EXERCISE PROMPT: Consider the listing below. Extract exactly the lines from the line containing "b) / of_int" to the line containing "(of_int a) t", both included.

RECORDS FOR THIS EXERCISE:
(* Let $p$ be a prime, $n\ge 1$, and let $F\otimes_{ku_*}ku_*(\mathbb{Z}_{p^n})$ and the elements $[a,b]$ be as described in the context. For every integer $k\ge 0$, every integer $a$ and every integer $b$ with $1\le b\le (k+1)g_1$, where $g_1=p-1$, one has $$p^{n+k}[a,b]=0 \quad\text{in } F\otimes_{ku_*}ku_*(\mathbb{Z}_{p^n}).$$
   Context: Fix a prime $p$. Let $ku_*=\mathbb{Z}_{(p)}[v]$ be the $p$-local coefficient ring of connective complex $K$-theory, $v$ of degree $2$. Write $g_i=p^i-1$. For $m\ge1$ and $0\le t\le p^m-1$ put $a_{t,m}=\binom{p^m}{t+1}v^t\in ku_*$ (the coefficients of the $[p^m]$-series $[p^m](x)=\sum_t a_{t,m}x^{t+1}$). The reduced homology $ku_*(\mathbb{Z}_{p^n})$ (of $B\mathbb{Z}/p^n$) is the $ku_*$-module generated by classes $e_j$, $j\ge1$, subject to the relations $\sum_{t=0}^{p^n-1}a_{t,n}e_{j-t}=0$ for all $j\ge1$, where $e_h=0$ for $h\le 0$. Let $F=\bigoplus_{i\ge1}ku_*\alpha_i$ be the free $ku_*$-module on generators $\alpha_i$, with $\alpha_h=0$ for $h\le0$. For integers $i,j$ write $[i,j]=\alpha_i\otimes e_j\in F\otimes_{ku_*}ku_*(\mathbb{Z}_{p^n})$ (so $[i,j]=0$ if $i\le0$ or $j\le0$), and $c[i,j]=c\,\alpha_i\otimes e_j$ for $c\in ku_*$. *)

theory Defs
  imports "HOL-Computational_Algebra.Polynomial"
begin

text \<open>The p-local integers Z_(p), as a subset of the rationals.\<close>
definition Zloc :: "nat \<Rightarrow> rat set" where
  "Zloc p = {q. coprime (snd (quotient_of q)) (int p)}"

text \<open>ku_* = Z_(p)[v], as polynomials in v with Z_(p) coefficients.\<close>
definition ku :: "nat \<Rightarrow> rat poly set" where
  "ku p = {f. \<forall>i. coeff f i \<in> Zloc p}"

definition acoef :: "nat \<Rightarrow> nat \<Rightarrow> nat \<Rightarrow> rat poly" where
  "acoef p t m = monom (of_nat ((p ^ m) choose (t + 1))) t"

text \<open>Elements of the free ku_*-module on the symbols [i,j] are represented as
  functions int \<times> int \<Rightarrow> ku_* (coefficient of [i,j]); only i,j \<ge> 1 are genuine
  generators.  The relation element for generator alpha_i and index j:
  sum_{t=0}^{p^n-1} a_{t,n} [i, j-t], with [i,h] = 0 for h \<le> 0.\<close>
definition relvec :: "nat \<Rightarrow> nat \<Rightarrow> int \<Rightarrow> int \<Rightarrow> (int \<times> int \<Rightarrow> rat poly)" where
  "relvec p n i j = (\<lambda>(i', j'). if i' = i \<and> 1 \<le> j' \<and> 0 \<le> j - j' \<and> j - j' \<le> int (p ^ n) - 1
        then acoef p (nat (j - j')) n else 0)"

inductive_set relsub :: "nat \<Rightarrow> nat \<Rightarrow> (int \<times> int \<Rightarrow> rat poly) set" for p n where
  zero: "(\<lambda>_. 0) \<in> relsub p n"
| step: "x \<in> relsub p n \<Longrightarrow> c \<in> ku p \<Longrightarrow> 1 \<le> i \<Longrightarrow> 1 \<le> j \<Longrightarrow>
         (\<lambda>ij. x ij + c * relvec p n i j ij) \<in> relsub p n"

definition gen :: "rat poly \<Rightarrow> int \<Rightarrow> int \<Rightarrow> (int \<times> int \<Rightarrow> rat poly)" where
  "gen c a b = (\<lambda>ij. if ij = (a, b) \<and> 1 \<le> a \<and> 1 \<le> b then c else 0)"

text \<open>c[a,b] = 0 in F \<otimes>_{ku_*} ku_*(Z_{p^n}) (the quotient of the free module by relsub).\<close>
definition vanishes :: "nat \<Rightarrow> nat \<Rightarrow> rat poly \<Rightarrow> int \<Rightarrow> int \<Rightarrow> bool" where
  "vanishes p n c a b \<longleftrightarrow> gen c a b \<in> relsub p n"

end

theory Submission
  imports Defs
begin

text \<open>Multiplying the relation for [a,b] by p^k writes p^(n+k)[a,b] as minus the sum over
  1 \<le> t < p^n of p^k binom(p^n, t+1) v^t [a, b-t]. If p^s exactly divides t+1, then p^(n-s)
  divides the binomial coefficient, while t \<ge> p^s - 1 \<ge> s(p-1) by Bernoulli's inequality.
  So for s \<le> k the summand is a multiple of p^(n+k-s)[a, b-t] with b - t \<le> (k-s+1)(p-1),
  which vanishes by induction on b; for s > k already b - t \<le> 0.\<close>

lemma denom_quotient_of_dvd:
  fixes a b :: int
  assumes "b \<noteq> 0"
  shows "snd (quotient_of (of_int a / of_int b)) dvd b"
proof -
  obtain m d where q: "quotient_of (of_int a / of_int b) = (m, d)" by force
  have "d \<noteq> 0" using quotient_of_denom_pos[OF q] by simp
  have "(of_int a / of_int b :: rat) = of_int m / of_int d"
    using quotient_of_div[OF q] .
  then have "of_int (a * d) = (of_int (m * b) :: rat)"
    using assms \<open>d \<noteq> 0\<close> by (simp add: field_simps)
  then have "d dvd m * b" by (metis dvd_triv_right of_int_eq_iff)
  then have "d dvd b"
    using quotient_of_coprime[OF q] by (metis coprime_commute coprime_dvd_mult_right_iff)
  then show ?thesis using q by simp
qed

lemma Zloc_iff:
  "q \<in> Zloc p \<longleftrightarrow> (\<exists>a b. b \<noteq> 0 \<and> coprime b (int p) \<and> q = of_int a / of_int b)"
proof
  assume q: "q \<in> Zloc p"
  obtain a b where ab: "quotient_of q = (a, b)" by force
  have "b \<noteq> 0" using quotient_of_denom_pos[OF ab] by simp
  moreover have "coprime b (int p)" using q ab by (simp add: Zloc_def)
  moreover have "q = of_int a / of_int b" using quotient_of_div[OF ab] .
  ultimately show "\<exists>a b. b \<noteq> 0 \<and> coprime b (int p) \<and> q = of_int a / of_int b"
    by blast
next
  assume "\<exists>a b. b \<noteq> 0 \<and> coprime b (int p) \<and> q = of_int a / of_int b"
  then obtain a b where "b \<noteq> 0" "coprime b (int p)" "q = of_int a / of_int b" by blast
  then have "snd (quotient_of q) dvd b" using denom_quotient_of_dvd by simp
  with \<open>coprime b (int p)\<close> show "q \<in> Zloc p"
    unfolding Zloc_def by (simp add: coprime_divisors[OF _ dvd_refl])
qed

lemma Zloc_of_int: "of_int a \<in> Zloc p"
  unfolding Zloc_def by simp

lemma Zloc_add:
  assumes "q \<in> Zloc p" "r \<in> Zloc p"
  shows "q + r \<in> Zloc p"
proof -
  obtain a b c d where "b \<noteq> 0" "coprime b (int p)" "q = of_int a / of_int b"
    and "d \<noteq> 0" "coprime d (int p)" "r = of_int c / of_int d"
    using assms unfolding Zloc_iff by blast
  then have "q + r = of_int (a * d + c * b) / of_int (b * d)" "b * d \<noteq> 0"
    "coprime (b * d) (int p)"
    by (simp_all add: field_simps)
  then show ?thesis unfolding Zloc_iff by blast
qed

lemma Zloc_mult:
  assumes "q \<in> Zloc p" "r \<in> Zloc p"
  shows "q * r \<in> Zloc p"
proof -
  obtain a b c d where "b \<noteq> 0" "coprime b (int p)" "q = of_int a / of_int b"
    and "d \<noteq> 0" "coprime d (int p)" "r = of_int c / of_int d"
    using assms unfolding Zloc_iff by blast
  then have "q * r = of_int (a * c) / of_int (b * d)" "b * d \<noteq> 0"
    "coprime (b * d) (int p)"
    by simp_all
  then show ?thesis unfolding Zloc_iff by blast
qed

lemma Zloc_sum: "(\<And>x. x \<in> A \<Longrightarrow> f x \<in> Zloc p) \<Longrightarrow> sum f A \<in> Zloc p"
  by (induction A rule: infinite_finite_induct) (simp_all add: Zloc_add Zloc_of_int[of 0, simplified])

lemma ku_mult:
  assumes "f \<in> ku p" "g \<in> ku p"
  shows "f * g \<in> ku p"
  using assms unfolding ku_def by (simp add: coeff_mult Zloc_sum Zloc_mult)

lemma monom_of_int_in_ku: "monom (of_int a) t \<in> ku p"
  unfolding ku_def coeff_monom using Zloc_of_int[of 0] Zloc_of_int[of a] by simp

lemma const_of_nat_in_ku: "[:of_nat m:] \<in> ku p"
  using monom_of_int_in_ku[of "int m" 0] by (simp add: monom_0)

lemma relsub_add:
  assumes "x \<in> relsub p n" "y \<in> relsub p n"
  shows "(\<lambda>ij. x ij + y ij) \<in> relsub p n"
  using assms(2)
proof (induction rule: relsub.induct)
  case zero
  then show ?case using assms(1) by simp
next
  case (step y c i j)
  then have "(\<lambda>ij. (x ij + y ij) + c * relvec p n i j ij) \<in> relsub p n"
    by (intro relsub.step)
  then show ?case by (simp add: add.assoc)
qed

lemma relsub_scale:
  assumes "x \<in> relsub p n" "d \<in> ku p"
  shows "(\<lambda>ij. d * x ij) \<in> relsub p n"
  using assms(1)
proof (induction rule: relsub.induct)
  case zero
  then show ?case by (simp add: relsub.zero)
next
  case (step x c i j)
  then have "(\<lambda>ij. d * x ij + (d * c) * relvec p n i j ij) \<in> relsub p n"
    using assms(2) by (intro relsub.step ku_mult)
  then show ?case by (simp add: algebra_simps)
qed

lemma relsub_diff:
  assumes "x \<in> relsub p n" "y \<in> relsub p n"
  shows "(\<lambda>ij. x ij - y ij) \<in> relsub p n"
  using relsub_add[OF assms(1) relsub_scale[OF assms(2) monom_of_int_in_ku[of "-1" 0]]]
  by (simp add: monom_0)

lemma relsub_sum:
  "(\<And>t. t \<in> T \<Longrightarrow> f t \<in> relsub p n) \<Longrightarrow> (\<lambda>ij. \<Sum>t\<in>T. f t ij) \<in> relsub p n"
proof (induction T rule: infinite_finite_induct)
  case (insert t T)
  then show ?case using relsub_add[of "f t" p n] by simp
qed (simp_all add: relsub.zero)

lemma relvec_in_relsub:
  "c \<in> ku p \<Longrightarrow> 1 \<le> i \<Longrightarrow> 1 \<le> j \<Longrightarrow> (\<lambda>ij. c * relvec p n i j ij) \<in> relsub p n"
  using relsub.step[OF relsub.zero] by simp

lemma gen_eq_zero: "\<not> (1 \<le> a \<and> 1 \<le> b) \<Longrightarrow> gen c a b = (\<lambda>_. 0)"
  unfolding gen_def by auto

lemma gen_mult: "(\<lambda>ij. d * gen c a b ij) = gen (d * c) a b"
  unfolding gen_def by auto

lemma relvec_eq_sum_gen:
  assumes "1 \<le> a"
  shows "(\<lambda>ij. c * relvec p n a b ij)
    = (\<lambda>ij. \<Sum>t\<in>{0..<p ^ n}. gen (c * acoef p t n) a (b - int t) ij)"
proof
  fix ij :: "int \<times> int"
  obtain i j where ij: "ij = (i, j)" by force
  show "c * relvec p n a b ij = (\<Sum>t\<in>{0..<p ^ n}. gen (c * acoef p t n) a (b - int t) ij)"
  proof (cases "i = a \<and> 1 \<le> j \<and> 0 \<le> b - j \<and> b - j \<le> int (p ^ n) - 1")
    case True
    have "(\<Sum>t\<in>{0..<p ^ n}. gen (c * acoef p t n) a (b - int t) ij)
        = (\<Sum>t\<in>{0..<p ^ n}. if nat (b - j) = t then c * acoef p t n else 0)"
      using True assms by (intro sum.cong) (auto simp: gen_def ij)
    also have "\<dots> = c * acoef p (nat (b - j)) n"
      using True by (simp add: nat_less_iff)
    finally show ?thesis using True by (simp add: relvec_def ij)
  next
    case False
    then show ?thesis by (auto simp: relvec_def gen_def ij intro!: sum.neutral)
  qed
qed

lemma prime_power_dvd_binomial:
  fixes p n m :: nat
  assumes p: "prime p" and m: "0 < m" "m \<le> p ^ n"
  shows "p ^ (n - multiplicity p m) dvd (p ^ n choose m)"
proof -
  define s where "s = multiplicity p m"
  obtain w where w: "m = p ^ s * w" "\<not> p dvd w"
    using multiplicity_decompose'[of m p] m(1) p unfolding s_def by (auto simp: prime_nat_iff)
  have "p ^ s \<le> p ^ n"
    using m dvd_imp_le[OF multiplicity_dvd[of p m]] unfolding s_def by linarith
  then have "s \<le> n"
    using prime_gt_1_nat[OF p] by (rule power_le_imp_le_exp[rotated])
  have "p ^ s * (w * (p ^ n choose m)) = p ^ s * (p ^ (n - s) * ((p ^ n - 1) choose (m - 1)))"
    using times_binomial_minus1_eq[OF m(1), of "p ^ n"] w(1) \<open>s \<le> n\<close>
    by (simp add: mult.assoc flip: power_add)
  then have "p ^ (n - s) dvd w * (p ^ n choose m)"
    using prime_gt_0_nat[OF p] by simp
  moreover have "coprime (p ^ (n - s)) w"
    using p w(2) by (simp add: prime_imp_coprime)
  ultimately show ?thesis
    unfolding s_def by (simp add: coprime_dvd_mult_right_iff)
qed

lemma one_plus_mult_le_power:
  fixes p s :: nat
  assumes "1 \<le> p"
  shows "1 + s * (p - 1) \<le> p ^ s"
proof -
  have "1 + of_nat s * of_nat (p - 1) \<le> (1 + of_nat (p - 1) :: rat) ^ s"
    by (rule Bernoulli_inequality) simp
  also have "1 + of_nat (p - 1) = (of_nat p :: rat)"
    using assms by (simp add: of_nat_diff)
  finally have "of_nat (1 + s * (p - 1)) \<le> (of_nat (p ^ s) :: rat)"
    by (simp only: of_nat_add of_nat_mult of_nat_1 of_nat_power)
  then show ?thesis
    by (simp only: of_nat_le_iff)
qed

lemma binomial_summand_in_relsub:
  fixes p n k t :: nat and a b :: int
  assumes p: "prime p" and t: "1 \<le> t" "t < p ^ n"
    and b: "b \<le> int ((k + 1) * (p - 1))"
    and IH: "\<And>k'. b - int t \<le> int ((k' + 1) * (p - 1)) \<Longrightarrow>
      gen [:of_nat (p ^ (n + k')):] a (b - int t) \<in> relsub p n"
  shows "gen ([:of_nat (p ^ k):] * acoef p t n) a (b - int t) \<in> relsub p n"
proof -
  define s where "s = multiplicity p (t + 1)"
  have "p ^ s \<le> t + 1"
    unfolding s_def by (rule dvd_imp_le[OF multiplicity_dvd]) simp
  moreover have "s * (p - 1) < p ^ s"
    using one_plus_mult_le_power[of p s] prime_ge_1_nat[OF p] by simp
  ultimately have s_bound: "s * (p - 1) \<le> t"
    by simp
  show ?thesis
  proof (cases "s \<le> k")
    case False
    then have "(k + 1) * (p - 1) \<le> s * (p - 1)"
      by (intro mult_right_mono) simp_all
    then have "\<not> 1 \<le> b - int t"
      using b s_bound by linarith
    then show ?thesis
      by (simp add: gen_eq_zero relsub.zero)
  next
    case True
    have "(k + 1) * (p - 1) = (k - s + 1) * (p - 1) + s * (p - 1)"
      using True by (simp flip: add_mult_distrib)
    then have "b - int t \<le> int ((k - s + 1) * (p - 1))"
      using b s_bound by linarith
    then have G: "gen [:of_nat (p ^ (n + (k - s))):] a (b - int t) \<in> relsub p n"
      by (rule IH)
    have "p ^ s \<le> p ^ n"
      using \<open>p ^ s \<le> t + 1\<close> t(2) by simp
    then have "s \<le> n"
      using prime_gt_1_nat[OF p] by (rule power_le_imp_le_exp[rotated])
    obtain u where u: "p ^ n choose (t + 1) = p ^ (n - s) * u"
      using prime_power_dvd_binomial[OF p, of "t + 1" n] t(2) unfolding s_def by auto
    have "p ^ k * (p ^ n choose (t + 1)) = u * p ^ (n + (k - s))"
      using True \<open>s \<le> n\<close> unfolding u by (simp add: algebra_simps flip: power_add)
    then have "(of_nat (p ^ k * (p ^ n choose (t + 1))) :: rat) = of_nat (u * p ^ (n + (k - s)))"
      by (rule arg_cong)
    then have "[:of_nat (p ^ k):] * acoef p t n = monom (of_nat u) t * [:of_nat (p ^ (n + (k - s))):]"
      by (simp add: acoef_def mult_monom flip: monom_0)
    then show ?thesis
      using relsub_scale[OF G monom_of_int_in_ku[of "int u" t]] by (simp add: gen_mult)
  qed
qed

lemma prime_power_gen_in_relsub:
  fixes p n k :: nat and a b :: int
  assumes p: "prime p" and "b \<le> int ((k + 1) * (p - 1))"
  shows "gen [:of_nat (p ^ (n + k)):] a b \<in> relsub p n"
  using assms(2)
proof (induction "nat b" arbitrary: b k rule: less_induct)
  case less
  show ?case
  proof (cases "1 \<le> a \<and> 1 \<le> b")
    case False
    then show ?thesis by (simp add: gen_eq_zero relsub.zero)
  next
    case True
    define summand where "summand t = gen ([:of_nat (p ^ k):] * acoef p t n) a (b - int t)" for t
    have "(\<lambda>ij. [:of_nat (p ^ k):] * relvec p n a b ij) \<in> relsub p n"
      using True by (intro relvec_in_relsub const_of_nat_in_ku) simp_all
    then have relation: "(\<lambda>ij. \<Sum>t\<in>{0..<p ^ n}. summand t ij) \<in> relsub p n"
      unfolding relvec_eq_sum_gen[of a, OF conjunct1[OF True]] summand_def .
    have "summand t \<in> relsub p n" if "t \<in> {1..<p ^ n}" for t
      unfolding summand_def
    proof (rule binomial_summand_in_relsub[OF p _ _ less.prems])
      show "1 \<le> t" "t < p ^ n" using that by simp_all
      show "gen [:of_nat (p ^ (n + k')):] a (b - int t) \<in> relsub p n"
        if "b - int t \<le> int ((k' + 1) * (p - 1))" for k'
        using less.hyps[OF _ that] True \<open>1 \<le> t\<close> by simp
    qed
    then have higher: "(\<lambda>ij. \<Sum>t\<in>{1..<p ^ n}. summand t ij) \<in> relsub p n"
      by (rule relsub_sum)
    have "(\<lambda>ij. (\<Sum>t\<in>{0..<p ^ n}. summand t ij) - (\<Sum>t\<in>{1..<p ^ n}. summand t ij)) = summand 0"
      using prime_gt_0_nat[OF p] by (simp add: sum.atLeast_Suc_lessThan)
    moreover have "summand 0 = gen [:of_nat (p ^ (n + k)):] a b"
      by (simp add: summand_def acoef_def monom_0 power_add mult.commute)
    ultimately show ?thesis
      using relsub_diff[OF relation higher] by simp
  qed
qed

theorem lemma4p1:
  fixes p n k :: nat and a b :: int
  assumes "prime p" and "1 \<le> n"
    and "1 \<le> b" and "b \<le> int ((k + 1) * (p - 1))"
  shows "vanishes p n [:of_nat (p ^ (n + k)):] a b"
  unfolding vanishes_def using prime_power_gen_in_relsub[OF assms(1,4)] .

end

REPLY TO THE TASK:
  then have "q + r = of_int (a * d + c * b) / of_int (b * d)" "b * d \<noteq> 0"
    "coprime (b * d) (int p)"
    by (simp_all add: field_simps)
  then show ?thesis unfolding Zloc_iff by blast
qed

lemma Zloc_mult:
  assumes "q \<in> Zloc p" "r \<in> Zloc p"
  shows "q * r \<in> Zloc p"
proof -
  obtain a b c d where "b \<noteq> 0" "coprime b (int p)" "q = of_int a / of_int b"
    and "d \<noteq> 0" "coprime d (int p)" "r = of_int c / of_int d"
    using assms unfolding Zloc_iff by blast
  then have "q * r = of_int (a * c) / of_int (b * d)" "b * d \<noteq> 0"
    "coprime (b * d) (int p)"
    by simp_all
  then show ?thesis unfolding Zloc_iff by blast
qed

lemma Zloc_sum: "(\<And>x. x \<in> A \<Longrightarrow> f x \<in> Zloc p) \<Longrightarrow> sum f A \<in> Zloc p"
  by (induction A rule: infinite_finite_induct) (simp_all add: Zloc_add Zloc_of_int[of 0, simplified])

lemma ku_mult:
  assumes "f \<in> ku p" "g \<in> ku p"
  shows "f * g \<in> ku p"
  using assms unfolding ku_def by (simp add: coeff_mult Zloc_sum Zloc_mult)

lemma monom_of_int_in_ku: "monom (of_int a) t \<in> ku p"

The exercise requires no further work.